张泉的脸上有一道从眼角到下巴的刀疤,笑起来像裂开的蛇嘴,“按照坤沙先生的吩咐,混进了墨西哥援助萨尔瓦多的疫苗里,后天就能入境。”
“干得好!”切佩突然搂住张泉的脖子,把沙漠之鹰塞到他手里,“你说,如果我们把这玩意儿注射到维克托的身上,会不会更有趣?”
坤沙看着他们疯癫的样子,突然笑了,笑声像破旧的风箱:“还记得美国人用巡航导弹炸了我的鸦片仓库吗?”他拿起铁箱里的注射器,对着灯光看,“当时他们也说要把我挫骨扬灰,结果呢?我现在还能在这里喝朗姆酒,而当年下令的那个将军,坟头草都三尺高了。”
他把注射器扔给切佩:“告诉墨西哥人,游戏规则由我们定。他们敢派军队,我们就敢炸机场,他们敢断我们的财路,我们就敢让他们的首都变成死城。”
坤沙站起身,走到竹楼门口,望着远处连绵的罂粟田,“在这片土地上,能活下来的,从来不是最强大的,而是最狠的。”
切佩突然举起酒壶,对着墨西哥的方向一饮而尽,酒液顺着嘴角流进脖子上的弹孔,带来一阵刺痛的快感:“维克托,里宾特洛甫,你们这群蠢货!”他把空酒壶往地上摔得粉碎,“等着收尸吧!”
外面的缅甸士兵开始朝天鸣枪,AK-47的枪声在山谷里回荡,混着毒枭们的狂笑。
切佩抓起摄像机,对着镜头比了个割喉的手势:“给墨西哥城的朋友们带句话,下一批礼物已经在路上了,这次的口味,保证让他们终生难忘!”
竹楼里的传真机突然吐出新的文件,卡洛斯拿起一看,突然吹了声口哨:“墨西哥人真有意思,他们居然派特种部队潜入了巴拿马,想端掉我们的中转站。”他把文件递给坤沙,“要不要让他们尝尝黑死病的滋味?”
坤沙看都没看,只是用雪茄指了指地图上的巴拿马运河:“让他们来。”
他的笑容里带着残忍的期待,“我正好想看看,当美国大兵在运河里发现浮尸时,那位联合国专员还能不能说出‘报复’这两个字。”

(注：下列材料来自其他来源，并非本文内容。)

(* Let $v:2^N\to\mathbb{R}_+$ be a gross substitutes valuation over a finite set $N$. Let $A,B\subseteq N$ be disjoint and $j\in N\setminus(A\cup B)$. Assume that $v(\{i\}\mid A\cup\{j\})=0$ for all $i\in B$ and that $0\le v(\{j\}\mid A)-x<v(B\mid A)$ for some $x\ge0$. Then there is $i\in B$ such that $v(\{j\}\mid A)-x<v(\{i\}\mid A)$.
   Context: Valuations are monotone functions $v:2^N\to\mathbb{R}_+$ with $v(\emptyset)=0$, $N=[n]$. Marginal value: $v(T\mid S)=v(S\cup T)-v(S)$. For a price vector $p\in\mathbb{R}^n_+$, $p(S)=\sum_{j\in S}p_j$ and $D(v;p)=\arg\max_{S\subseteq N}(v(S)-p(S))$. The valuation $v$ is gross substitutes if for every price vector $p$, every $S\in D(v;p)$ and every price vector $p'\ge p$ (coordinatewise), there is $T\in D(v;p')$ with $S\cap\{j: p_j=p'_j\}\subseteq T$. *)

theory Defs
  imports Complex_Main
begin

definition valuation :: "'a set \<Rightarrow> ('a set \<Rightarrow> real) \<Rightarrow> bool" where
  "valuation N v \<longleftrightarrow> v {} = 0 \<and> (\<forall>S. S \<subseteq> N \<longrightarrow> v S \<ge> 0)
     \<and> (\<forall>S T. S \<subseteq> T \<and> T \<subseteq> N \<longrightarrow> v S \<le> v T)"

definition marg :: "('a set \<Rightarrow> real) \<Rightarrow> 'a set \<Rightarrow> 'a set \<Rightarrow> real" where
  "marg v T S = v (S \<union> T) - v S"

definition price :: "('a \<Rightarrow> real) \<Rightarrow> 'a set \<Rightarrow> real" where
  "price p S = (\<Sum>j\<in>S. p j)"

definition demand :: "'a set \<Rightarrow> ('a set \<Rightarrow> real) \<Rightarrow> ('a \<Rightarrow> real) \<Rightarrow> 'a set set" where
  "demand N v p = {S. S \<subseteq> N \<and> (\<forall>T. T \<subseteq> N \<longrightarrow> v T - price p T \<le> v S - price p S)}"

definition gross_substitutes :: "'a set \<Rightarrow> ('a set \<Rightarrow> real) \<Rightarrow> bool" where
  "gross_substitutes N v \<longleftrightarrow>
     (\<forall>p p' S. (\<forall>j\<in>N. 0 \<le> p j \<and> p j \<le> p' j) \<longrightarrow> S \<in> demand N v p \<longrightarrow>
        (\<exists>T\<in>demand N v p'. S \<inter> {j\<in>N. p j = p' j} \<subseteq> T))"

end

theory Submission
  imports Defs
begin

text \<open>Suppose every \<open>i \<in> B\<close> had \<open>v({i} | A) \<le> d\<close>, where \<open>d = v({j} | A) - x\<close>. Price \<open>A\<close> at 0,
  \<open>B\<close> at a tiny \<open>\<epsilon> > 0\<close>, \<open>j\<close> at \<open>x\<close> and everything else prohibitively. Since \<open>v(B | A) > d\<close>, the
  bundle \<open>A \<union> B\<close> beats every bundle inside \<open>A \<union> {j}\<close>, so a demanded set contains some \<open>i \<in> B\<close>.
  Now make \<open>B - {i}\<close> prohibitive; by gross substitutability \<open>i\<close> stays demanded. But \<open>i\<close> is
  worthless next to \<open>A \<union> {j}\<close>, and without \<open>j\<close> it adds at most \<open>d\<close> to \<open>A\<close>, so paying \<open>\<epsilon>\<close> for
  it is worse than buying \<open>A \<union> {j}\<close>.\<close>

lemma valuation_mono: "valuation N v \<Longrightarrow> S \<subseteq> T \<Longrightarrow> T \<subseteq> N \<Longrightarrow> v S \<le> v T"
  unfolding valuation_def by blast

lemma valuation_nonneg: "valuation N v \<Longrightarrow> S \<subseteq> N \<Longrightarrow> 0 \<le> v S"
  unfolding valuation_def by blast

lemma price_mono:
  assumes "finite T" "S \<subseteq> T" "\<forall>k\<in>T. 0 \<le> p k"
  shows "price p S \<le> price p T"
  unfolding price_def using assms by (intro sum_mono2) auto

lemma price_nonneg: "\<forall>k\<in>S. 0 \<le> p k \<Longrightarrow> 0 \<le> price p S"
  unfolding price_def by (simp add: sum_nonneg)

lemma demand_exists:
  assumes "finite N"
  shows "\<exists>S. S \<in> demand N v p"
proof -
  let ?u = "\<lambda>S. v S - price p S"
  have fin: "finite (?u ` Pow N)" using assms by simp
  have "Max (?u ` Pow N) \<in> ?u ` Pow N" using Max_in[OF fin] by blast
  then obtain S where S: "S \<in> Pow N" "?u S = Max (?u ` Pow N)" by auto
  have "\<forall>T. T \<subseteq> N \<longrightarrow> ?u T \<le> ?u S" using S Max_ge[OF fin] by auto
  then show ?thesis using S unfolding demand_def by auto
qed

lemma demand_subset_if_prohibitive:
  assumes "finite N" "valuation N v" "\<forall>k\<in>N. 0 \<le> p k" "S \<in> demand N v p"
    and "\<forall>k\<in>N - C. v N < p k"
  shows "S \<subseteq> C"
proof
  fix k assume "k \<in> S"
  have SN: "S \<subseteq> N" and opt: "v {} - price p {} \<le> v S - price p S"
    using assms(4) unfolding demand_def by auto
  have "p k = price p {k}" unfolding price_def by simp
  also have "\<dots> \<le> price p S"
    using \<open>k \<in> S\<close> SN assms(1,3) by (intro price_mono) (auto intro: finite_subset)
  also have "\<dots> \<le> v S" using opt assms(2) unfolding valuation_def price_def by simp
  also have "\<dots> \<le> v N" using valuation_mono[OF assms(2) SN] by simp
  finally show "k \<in> C" using \<open>k \<in> S\<close> SN assms(5) by force
qed

lemma demand_meets_cheap_set:
  assumes "finite N" "valuation N v" "A \<subseteq> N" "B \<subseteq> N" "A \<inter> B = {}" "j \<in> N"
    and "\<forall>k\<in>N. 0 \<le> p k" "\<forall>k\<in>A. p k = 0" "\<forall>k\<in>B. p k \<le> \<epsilon>" "p j = x"
    and "\<forall>k\<in>N - (A \<union> B \<union> {j}). v N < p k"
    and "0 \<le> marg v {j} A - x" "\<epsilon> * card B < marg v B A - (marg v {j} A - x)"
    and "S \<in> demand N v p"
  shows "S \<inter> B \<noteq> {}"
proof
  assume "S \<inter> B = {}"
  have SN: "S \<subseteq> N" and opt: "v (A \<union> B) - price p (A \<union> B) \<le> v S - price p S"
    using assms(3,4,14) unfolding demand_def by auto
  have "S \<subseteq> A \<union> B \<union> {j}"
    using demand_subset_if_prohibitive[OF assms(1,2,7,14,11)] .
  then have SAj: "S \<subseteq> A \<union> {j}" using \<open>S \<inter> B = {}\<close> by blast
  have "price p (A \<union> B) = price p A + price p B"
    unfolding price_def using assms(1,3,4,5) by (intro sum.union_disjoint) (auto intro: finite_subset)
  also have "\<dots> \<le> \<epsilon> * card B"
    using assms(8,9) sum_bounded_above[of B p \<epsilon>] unfolding price_def by (simp add: mult.commute)
  finally have "v A + (marg v {j} A - x) < v S - price p S"
    using opt assms(13) unfolding marg_def by (simp add: Un_commute)
  moreover have "v S - price p S \<le> v A + (marg v {j} A - x)"
  proof (cases "j \<in> S")
    case True
    have "p j \<le> price p S"
      using price_mono[of S "{j}" p] True SN assms(1,7) by (auto simp: price_def intro: finite_subset)
    moreover have "v S \<le> v (A \<union> {j})" using SAj assms(3,6) by (intro valuation_mono[OF assms(2)]) auto
    ultimately show ?thesis using assms(10) unfolding marg_def by (simp add: Un_commute)
  next
    case False
    have "0 \<le> price p S" using SN assms(7) by (intro price_nonneg) auto
    moreover have "v S \<le> v A" using SAj False assms(3) by (intro valuation_mono[OF assms(2)]) auto
    ultimately show ?thesis using assms(12) by simp
  qed
  ultimately show False by simp
qed

lemma marg_gt_if_demanded:
  assumes "finite N" "valuation N v" "A \<subseteq> N" "i \<in> N" "j \<in> N" "i \<noteq> j" "j \<notin> A"
    and "\<forall>k\<in>N. 0 \<le> q k" "\<forall>k\<in>A. q k = 0" "q i = \<epsilon>" "q j = x" "0 < \<epsilon>"
    and "\<forall>k\<in>N - (A \<union> {i, j}). v N < q k"
    and "marg v {i} (A \<union> {j}) = 0"
    and "T \<in> demand N v q" "i \<in> T"
  shows "marg v {j} A - x < marg v {i} A"
proof -
  have TN: "T \<subseteq> N" and opt: "v (A \<union> {j}) - price q (A \<union> {j}) \<le> v T - price q T"
    using assms(3,5,15) unfolding demand_def by auto
  have finT: "finite T" using TN assms(1) by (rule finite_subset)
  have "price q (A \<union> {j}) = price q A + q j"
    unfolding price_def using assms(1,3,7) by (simp add: finite_subset)
  then have price_Aj: "price q (A \<union> {j}) = x" using assms(9,11) by (simp add: price_def)
  have TAij: "T \<subseteq> A \<union> {i, j}"
    using demand_subset_if_prohibitive[OF assms(1,2,8,15,13)] .
  have "j \<notin> T"
  proof
    assume "j \<in> T"
    have "\<epsilon> + x = price q {i, j}" using assms(6,10,11) by (simp add: price_def)
    also have "\<dots> \<le> price q T"
      using \<open>j \<in> T\<close> assms(16) finT TN assms(8) by (intro price_mono) auto
    finally have "\<epsilon> + x \<le> price q T" .
    moreover have "v T \<le> v (A \<union> {i, j})"
      using TAij assms(3,4,5) by (intro valuation_mono[OF assms(2)]) auto
    moreover have "A \<union> {i, j} = (A \<union> {j}) \<union> {i}" by auto
    ultimately show False using opt price_Aj assms(12,14) unfolding marg_def by simp
  qed
  have "\<epsilon> = price q {i}" using assms(10) by (simp add: price_def)
  also have "\<dots> \<le> price q T" using assms(16) finT TN assms(8) by (intro price_mono) auto
  finally have "\<epsilon> \<le> price q T" .
  moreover have "v T \<le> v (A \<union> {i})"
    using TAij \<open>j \<notin> T\<close> assms(3,4) by (intro valuation_mono[OF assms(2)]) auto
  ultimately show ?thesis using opt price_Aj assms(12) unfolding marg_def by (simp add: Un_commute)
qed

lemma exists_pos_mult_less: "0 < (\<Delta>::real) \<Longrightarrow> \<exists>\<epsilon>>0. \<epsilon> * real n < \<Delta>"
  by (intro exI[of _ "\<Delta> / (real n + 1)"]) (auto simp: field_simps)

theorem mainTheorem8:
  fixes N :: "'a set" and v :: "'a set \<Rightarrow> real" and A B :: "'a set" and j :: 'a and x :: real
  assumes "finite N"
    and "valuation N v"
    and "gross_substitutes N v"
    and "A \<subseteq> N" and "B \<subseteq> N" and "A \<inter> B = {}"
    and "j \<in> N - (A \<union> B)"
    and "\<forall>i\<in>B. marg v {i} (A \<union> {j}) = 0"
    and "x \<ge> 0"
    and "0 \<le> marg v {j} A - x"
    and "marg v {j} A - x < marg v B A"
  shows "\<exists>i\<in>B. marg v {j} A - x < marg v {i} A"
proof -
  obtain \<epsilon> :: real where \<epsilon>: "0 < \<epsilon>" "\<epsilon> * card B < marg v B A - (marg v {j} A - x)"
    using exists_pos_mult_less[of _ "card B"] assms(11) by (metis diff_gt_0_iff_gt)
  define H where "H = v N + 1"
  have H: "v N < H" "0 < H" using valuation_nonneg[OF assms(2), of N] unfolding H_def by auto
  define p where "p k = (if k \<in> A then 0 else if k \<in> B then \<epsilon> else if k = j then x else H)" for k
  obtain S where S: "S \<in> demand N v p" using demand_exists[OF assms(1)] by blast
  have "S \<inter> B \<noteq> {}"
    using assms(6,7,9) \<epsilon> H
    by (intro demand_meets_cheap_set[OF assms(1,2,4,5,6) _ _ _ _ _ _ assms(10) _ S])
       (auto simp: p_def)
  then obtain i where i: "i \<in> S" "i \<in> B" by blast
  define q where "q k = (if k \<in> B - {i} then p k + H else p k)" for k
  have "\<forall>k\<in>N. 0 \<le> p k \<and> p k \<le> q k" using assms(9) \<epsilon> H unfolding q_def p_def by auto
  then obtain T where T: "T \<in> demand N v q" and "S \<inter> {k\<in>N. p k = q k} \<subseteq> T"
    using assms(3) S unfolding gross_substitutes_def by blast
  then have "i \<in> T" using i S unfolding q_def demand_def by auto
  then have "marg v {j} A - x < marg v {i} A"
    using i assms(4-9) \<epsilon> H
    by (intro marg_gt_if_demanded[where \<epsilon> = \<epsilon>, OF assms(1,2,4) _ _ _ _ _ _ _ _ _ _ _ T])
       (auto simp: q_def p_def)
  with i show ?thesis by blast
qed

end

切佩突然拍着桌子大笑,笑声震得屋顶的灰尘簌簌落下:“太他妈妙了!我要让全世界都知道,惹了我们,就别想睡安稳觉!”他抓起一把可卡因往嘴里塞,白色粉末呛得他咳嗽起来,眼里却闪烁着疯狂的光芒,“明天早上,我要在墨西哥城的电视新闻里,看到他们的总统在哭!”
远处的湄公河上,一艘伪装成渔船的货轮正在夜航,甲板下的集装箱里,贴着“医疗物资”标签的箱子里,黑死病菌株的样本管在颠簸中轻轻晃动,像一颗颗等待引爆的炸弹。
会议结束。
张泉推开竹楼木门时,煤油灯的光晕在廊檐下晃了晃,带着鸦片田潮湿气息的晚风卷着灯芯的影子,在泥墙上投下斑驳的晃动。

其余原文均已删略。